Stored data:
--- --- ---

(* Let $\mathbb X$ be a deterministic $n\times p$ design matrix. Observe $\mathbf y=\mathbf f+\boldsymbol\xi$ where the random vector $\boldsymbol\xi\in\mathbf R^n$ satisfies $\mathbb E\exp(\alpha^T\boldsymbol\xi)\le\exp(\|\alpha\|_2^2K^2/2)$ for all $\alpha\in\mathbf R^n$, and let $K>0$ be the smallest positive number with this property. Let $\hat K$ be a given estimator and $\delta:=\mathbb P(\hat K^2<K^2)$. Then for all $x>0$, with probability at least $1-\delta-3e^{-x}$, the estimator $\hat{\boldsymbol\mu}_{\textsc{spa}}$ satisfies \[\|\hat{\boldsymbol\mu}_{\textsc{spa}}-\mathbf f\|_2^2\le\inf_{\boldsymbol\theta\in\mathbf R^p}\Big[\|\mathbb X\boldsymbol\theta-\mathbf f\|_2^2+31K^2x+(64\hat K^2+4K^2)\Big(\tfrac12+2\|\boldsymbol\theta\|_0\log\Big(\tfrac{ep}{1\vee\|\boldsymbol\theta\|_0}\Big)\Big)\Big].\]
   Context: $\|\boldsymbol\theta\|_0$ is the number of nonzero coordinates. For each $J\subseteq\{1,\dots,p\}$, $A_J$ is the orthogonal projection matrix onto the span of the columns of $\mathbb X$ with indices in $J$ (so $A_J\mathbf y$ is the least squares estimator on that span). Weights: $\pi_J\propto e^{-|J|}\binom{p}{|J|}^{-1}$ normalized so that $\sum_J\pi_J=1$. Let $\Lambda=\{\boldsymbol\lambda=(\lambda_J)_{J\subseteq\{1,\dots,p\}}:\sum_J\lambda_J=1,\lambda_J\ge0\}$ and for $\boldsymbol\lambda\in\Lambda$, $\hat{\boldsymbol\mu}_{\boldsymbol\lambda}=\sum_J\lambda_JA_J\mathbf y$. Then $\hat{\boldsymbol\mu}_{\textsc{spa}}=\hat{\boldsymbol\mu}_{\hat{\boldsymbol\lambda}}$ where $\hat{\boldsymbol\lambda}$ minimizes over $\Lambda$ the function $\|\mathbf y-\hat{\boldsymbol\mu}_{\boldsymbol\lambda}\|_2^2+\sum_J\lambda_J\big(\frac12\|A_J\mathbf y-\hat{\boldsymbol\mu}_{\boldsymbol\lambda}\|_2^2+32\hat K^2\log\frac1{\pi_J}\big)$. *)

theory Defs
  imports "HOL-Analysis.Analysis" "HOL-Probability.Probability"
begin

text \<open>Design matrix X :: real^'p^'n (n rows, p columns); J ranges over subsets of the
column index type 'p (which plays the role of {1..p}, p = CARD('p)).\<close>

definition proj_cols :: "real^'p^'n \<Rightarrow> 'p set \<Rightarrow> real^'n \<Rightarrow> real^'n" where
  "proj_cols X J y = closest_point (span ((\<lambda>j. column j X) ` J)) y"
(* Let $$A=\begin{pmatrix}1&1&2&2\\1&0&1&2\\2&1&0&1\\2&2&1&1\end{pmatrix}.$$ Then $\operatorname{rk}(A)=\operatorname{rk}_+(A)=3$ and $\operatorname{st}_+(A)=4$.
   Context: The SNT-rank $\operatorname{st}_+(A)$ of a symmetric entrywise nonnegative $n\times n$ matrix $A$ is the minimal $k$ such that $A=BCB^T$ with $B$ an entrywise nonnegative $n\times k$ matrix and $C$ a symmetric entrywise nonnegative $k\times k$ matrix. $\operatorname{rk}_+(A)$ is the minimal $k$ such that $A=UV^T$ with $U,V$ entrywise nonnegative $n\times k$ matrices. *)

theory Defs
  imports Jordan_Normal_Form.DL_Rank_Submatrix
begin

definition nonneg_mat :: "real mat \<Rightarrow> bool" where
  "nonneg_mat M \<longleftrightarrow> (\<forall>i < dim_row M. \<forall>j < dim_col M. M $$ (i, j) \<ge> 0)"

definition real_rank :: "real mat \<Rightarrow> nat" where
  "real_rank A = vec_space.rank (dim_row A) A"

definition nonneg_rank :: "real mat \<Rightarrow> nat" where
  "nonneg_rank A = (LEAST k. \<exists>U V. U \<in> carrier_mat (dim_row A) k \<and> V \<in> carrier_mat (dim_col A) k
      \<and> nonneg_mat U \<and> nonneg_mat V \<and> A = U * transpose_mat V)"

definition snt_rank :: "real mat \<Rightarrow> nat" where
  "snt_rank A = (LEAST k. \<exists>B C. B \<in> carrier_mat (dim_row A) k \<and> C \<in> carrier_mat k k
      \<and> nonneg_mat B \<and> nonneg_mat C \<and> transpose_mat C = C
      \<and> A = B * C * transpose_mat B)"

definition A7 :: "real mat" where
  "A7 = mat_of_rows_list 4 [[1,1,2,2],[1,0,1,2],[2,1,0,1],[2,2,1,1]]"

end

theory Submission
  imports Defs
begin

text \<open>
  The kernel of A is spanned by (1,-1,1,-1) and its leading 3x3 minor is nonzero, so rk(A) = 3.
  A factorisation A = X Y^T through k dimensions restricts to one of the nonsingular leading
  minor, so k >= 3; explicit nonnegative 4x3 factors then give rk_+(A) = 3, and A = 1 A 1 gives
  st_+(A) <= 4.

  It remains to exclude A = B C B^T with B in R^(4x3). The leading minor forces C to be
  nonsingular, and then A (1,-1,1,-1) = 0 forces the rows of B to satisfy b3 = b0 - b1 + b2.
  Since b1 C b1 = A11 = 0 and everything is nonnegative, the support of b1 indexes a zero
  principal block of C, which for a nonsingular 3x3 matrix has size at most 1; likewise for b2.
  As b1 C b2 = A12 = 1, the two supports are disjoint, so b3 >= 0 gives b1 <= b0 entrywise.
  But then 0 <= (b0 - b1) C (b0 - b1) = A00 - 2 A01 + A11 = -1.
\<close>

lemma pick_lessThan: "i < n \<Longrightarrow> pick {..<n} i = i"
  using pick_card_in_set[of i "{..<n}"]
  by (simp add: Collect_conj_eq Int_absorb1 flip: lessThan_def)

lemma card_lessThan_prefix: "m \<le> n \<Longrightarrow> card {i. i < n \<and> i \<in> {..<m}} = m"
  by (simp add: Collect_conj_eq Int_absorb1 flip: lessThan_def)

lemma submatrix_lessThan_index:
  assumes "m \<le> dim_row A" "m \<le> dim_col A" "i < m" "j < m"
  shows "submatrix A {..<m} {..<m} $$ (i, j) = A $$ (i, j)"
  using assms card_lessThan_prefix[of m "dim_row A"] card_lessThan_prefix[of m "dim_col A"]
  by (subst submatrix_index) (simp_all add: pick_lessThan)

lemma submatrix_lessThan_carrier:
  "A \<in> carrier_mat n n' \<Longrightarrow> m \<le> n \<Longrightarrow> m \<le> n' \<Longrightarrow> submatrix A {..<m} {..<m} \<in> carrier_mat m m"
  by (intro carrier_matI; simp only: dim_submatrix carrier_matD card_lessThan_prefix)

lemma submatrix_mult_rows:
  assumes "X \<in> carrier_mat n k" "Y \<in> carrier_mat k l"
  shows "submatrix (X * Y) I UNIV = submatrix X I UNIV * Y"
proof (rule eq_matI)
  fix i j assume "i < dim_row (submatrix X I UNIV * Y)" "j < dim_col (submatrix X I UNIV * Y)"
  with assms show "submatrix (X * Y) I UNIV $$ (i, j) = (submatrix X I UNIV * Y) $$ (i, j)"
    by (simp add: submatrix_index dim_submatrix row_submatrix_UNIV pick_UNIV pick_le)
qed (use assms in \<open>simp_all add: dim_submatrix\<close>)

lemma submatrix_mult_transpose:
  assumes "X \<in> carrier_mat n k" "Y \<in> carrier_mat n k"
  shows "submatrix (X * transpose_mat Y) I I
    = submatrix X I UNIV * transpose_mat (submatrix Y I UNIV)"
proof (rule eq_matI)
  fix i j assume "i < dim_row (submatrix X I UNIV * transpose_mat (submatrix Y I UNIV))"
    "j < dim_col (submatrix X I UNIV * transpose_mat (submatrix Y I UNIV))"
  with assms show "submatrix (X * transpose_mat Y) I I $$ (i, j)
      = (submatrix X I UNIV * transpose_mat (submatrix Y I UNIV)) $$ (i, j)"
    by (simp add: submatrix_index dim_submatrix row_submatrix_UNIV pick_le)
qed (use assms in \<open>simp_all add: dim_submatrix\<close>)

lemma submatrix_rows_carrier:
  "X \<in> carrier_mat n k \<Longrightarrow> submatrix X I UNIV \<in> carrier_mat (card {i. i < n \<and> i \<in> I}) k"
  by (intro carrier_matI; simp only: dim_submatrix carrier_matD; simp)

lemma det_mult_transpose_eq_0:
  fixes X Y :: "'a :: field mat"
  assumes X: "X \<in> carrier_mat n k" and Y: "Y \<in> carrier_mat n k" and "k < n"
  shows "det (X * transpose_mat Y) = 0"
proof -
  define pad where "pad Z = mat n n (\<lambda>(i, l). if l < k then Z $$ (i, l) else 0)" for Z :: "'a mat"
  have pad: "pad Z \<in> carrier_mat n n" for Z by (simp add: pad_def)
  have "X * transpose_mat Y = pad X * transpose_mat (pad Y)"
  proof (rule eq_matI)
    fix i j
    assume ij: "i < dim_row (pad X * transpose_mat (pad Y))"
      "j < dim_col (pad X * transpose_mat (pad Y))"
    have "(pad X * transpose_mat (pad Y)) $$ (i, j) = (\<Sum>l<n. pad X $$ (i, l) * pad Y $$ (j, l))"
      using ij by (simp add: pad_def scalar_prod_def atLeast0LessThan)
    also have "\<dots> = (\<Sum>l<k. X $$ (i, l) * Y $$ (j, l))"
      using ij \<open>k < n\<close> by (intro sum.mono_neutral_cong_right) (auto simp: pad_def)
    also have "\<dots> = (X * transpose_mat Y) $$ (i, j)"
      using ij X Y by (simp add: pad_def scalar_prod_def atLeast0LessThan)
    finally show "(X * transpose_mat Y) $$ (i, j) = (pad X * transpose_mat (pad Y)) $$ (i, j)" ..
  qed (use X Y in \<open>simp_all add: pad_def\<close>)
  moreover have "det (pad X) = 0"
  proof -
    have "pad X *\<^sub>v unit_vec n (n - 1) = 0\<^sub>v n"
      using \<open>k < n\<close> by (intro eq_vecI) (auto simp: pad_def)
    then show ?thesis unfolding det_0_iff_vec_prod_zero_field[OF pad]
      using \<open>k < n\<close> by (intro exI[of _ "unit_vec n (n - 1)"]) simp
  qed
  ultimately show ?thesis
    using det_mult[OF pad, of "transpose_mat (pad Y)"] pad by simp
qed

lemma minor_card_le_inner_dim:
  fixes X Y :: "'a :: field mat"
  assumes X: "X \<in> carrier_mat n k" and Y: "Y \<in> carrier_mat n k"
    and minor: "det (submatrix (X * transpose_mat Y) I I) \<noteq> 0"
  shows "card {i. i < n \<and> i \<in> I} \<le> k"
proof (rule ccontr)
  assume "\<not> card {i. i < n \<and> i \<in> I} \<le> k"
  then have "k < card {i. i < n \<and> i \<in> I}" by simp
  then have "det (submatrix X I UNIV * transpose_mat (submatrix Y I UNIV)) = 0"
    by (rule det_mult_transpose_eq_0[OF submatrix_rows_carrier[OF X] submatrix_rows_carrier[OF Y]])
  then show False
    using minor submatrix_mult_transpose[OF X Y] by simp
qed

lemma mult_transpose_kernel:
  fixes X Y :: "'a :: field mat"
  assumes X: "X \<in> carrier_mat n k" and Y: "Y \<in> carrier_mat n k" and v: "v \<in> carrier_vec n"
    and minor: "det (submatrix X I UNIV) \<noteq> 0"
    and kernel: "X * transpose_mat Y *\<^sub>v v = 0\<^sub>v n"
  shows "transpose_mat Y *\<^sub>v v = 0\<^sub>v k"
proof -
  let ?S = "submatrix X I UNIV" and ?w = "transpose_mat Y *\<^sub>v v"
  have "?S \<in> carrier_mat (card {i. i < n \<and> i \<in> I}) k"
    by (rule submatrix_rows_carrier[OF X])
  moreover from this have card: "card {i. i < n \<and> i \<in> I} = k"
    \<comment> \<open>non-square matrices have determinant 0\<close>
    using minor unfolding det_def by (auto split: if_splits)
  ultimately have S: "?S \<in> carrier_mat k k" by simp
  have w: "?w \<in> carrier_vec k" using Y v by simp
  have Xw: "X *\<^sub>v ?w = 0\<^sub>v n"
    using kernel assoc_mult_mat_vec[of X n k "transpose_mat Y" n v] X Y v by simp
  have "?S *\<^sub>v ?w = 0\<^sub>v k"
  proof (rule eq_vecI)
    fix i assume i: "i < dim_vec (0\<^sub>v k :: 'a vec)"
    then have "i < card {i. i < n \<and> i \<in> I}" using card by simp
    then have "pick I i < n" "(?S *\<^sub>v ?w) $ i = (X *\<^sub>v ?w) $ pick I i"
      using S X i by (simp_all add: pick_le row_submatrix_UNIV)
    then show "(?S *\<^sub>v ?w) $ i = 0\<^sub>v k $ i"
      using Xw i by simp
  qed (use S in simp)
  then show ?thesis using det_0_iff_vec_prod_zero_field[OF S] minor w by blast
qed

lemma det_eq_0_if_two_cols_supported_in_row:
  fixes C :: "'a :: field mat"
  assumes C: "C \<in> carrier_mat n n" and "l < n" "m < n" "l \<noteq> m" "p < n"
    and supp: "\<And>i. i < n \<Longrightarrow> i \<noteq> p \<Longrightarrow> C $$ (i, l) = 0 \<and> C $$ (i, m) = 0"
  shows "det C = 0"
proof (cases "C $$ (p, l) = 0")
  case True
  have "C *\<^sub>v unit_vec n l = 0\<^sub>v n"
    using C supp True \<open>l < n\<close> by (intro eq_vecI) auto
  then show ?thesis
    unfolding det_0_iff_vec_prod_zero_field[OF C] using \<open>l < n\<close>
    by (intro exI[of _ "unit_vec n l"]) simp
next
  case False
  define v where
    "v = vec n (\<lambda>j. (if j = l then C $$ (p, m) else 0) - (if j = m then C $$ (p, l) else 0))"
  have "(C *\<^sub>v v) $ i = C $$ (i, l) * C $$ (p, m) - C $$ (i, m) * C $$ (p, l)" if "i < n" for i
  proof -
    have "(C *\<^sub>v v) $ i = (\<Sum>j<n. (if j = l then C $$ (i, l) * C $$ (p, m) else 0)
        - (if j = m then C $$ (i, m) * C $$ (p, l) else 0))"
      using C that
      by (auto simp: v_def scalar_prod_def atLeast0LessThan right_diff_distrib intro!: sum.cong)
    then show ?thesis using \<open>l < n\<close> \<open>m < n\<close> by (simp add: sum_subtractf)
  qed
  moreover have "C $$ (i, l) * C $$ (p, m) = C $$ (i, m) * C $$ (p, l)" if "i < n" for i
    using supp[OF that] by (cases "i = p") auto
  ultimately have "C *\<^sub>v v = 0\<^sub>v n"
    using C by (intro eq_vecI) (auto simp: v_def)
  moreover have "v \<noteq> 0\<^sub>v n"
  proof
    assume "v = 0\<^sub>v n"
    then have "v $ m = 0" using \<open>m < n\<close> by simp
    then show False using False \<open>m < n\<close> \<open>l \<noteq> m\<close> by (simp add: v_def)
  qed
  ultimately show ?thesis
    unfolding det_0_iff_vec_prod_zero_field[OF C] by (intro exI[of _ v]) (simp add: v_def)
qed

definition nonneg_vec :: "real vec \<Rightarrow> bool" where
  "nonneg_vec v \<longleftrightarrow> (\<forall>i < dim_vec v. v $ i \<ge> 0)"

--- --- ---

▶ _Exercise_: The stretch of entries above that starts with the line containing "dim_submatrix row_submatrix_UNIV pick_le)" and goes on through the line containing "n k \<Longrightarrow>" is to be transcribed exactly, and no other line is to be transcribed.

▶ _Result of the task_:
    by (simp add: submatrix_index dim_submatrix row_submatrix_UNIV pick_le)
qed (use assms in \<open>simp_all add: dim_submatrix\<close>)

lemma submatrix_rows_carrier:
  "X \<in> carrier_mat n k \<Longrightarrow> submatrix X I UNIV \<in> carrier_mat (card {i. i < n \<and> i \<in> I}) k"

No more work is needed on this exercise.